§ **Task prompt**: Please find every line in the records below that contains the word "noteq", and copy it.
------ Exercise data
lemma pair_swaps_insert:
  assumes "i \<notin> K" "i < n"
  shows "pair_swaps n (insert i K) = transpose (2*i) (2*i+1) \<circ> pair_swaps n K"
proof
  fix x :: nat
  consider "x = 2*i" | "x = 2*i+1" | "x div 2 \<noteq> i" by linarith
  then show "pair_swaps n (insert i K) x = (transpose (2*i) (2*i+1) \<circ> pair_swaps n K) x"
  proof cases
    case 3
    then have "x - 1 \<noteq> 2*i" "x - 1 \<noteq> 2*i+1" if "odd x" using that by presburger+
    moreover have "x + 1 \<noteq> 2*i" "x + 1 \<noteq> 2*i+1" if "even x" using that 3 by presburger+
    moreover have "x \<noteq> 2*i" "x \<noteq> 2*i+1" using 3 by auto
    ultimately show ?thesis by (auto simp: pair_swaps_def transpose_def)
  qed (use assms in \<open>auto simp: pair_swaps_def transpose_def\<close>)
qed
------------
§ **Your solution**:
  consider "x = 2*i" | "x = 2*i+1" | "x div 2 \<noteq> i" by linarith
    then have "x - 1 \<noteq> 2*i" "x - 1 \<noteq> 2*i+1" if "odd x" using that by presburger+
    moreover have "x + 1 \<noteq> 2*i" "x + 1 \<noteq> 2*i+1" if "even x" using that 3 by presburger+
    moreover have "x \<noteq> 2*i" "x \<noteq> 2*i+1" using 3 by auto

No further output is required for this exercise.